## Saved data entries
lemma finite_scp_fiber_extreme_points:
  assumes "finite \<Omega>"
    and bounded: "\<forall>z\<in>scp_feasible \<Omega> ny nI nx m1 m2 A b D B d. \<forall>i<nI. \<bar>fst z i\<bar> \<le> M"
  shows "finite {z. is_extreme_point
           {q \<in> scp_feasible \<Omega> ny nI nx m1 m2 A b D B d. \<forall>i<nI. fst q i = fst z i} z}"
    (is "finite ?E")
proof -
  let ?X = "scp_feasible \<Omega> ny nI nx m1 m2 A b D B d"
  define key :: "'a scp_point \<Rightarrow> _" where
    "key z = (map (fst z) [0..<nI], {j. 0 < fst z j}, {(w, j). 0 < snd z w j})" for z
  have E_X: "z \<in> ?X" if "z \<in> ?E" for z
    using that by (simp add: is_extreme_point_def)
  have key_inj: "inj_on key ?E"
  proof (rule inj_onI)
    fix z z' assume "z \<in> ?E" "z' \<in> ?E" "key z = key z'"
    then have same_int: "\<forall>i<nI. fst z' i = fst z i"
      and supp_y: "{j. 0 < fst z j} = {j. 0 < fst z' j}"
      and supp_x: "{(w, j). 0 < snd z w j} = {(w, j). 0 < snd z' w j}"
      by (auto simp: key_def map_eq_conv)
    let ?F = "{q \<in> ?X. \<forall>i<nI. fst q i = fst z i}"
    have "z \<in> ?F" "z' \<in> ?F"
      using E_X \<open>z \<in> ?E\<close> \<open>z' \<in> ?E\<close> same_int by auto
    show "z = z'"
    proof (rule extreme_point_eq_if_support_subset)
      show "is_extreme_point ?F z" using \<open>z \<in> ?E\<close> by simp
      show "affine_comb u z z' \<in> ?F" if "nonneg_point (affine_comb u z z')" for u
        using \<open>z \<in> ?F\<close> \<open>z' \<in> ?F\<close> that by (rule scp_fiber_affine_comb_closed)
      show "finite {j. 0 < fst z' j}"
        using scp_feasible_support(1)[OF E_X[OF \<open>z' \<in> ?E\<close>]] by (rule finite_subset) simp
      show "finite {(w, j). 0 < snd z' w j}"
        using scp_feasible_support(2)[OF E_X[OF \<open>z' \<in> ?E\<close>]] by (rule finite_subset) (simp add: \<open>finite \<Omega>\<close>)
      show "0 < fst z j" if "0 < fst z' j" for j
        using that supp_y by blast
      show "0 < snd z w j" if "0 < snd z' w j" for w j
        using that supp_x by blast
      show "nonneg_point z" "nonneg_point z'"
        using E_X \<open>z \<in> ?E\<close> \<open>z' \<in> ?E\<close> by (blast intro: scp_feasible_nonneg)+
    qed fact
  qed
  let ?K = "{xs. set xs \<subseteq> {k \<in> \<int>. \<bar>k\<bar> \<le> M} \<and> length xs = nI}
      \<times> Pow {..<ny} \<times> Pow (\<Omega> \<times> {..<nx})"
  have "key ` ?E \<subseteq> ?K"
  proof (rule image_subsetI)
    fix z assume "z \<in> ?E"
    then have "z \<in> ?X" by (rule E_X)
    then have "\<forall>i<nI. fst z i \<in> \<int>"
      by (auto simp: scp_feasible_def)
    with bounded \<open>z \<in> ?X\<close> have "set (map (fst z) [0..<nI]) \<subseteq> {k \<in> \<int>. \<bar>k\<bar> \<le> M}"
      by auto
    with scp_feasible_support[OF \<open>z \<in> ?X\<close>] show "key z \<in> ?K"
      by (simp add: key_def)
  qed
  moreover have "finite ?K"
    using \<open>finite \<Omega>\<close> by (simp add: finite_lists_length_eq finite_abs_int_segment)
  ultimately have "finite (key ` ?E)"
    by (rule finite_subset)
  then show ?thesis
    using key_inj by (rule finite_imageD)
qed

* * *

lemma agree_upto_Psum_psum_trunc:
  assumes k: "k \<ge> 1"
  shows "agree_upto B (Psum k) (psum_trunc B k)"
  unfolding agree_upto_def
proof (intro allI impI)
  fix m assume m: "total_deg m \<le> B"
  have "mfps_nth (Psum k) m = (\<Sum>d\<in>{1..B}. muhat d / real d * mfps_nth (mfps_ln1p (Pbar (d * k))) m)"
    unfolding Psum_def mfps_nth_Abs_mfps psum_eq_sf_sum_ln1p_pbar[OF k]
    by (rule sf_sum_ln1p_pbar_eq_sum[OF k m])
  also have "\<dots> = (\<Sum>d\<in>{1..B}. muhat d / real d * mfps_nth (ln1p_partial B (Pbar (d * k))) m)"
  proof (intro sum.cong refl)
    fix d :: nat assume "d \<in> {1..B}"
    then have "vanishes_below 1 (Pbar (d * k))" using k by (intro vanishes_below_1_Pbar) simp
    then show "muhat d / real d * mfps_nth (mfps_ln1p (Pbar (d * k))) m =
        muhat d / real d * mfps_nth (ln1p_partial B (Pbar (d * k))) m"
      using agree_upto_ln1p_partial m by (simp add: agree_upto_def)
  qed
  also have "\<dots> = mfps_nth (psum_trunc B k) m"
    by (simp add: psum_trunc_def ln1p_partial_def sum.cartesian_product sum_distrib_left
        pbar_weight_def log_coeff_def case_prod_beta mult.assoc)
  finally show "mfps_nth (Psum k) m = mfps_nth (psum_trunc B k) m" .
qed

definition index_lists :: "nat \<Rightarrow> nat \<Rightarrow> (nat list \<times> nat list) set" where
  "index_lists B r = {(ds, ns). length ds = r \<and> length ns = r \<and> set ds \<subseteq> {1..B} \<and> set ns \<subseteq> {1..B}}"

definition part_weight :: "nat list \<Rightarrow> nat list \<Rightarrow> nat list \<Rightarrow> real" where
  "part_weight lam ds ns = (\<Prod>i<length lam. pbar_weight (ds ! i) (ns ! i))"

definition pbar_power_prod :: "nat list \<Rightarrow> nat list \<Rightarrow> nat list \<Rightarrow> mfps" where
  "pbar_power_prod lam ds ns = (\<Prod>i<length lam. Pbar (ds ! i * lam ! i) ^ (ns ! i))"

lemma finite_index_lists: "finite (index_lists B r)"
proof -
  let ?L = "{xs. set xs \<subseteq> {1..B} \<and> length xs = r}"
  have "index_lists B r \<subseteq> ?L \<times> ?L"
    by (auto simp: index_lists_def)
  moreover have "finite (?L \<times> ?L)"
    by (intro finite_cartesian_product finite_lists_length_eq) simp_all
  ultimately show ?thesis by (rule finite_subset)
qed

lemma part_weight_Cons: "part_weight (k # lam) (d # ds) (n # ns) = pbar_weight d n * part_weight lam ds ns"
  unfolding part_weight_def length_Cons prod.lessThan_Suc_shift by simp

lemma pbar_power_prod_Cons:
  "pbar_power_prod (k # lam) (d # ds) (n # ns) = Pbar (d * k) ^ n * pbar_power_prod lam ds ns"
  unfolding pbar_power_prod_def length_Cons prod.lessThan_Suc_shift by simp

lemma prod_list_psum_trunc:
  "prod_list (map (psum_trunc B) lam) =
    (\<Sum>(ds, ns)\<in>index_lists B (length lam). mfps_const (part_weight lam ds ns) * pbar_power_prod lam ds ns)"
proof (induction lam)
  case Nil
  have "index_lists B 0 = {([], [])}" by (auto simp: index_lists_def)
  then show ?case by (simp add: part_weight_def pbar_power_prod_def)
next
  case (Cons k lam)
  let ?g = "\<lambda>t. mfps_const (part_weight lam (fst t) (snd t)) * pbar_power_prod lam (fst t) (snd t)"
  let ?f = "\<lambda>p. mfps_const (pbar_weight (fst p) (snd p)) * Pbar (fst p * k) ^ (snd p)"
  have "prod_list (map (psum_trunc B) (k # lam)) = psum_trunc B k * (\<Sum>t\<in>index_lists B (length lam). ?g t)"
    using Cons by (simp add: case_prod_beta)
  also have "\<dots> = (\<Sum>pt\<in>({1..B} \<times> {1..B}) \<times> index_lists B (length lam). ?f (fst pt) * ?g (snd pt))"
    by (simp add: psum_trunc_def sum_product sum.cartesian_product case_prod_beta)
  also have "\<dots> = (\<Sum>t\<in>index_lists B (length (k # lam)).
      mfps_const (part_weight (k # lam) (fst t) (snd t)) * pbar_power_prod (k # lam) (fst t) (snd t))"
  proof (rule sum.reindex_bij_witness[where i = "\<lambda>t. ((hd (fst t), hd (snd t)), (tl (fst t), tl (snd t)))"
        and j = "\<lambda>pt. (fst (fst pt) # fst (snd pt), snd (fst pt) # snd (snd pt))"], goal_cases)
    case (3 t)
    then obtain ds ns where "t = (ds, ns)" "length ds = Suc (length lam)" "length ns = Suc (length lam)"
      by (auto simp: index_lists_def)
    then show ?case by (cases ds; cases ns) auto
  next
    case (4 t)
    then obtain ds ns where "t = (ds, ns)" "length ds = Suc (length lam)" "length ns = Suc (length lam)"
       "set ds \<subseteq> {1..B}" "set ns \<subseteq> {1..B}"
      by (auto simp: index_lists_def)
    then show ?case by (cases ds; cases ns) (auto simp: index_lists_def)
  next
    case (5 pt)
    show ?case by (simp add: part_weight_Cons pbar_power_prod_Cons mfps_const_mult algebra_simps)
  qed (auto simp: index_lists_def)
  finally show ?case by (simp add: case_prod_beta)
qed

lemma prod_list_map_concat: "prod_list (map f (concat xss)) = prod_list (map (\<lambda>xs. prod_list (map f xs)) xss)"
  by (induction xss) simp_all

## EXERCISE BRIEF
Gather all lines with the string "intro" from the data.

## REPLY
        using E_X \<open>z \<in> ?E\<close> \<open>z' \<in> ?E\<close> by (blast intro: scp_feasible_nonneg)+
proof (intro allI impI)
  proof (intro sum.cong refl)
    then have "vanishes_below 1 (Pbar (d * k))" using k by (intro vanishes_below_1_Pbar) simp
    by (intro finite_cartesian_product finite_lists_length_eq) simp_all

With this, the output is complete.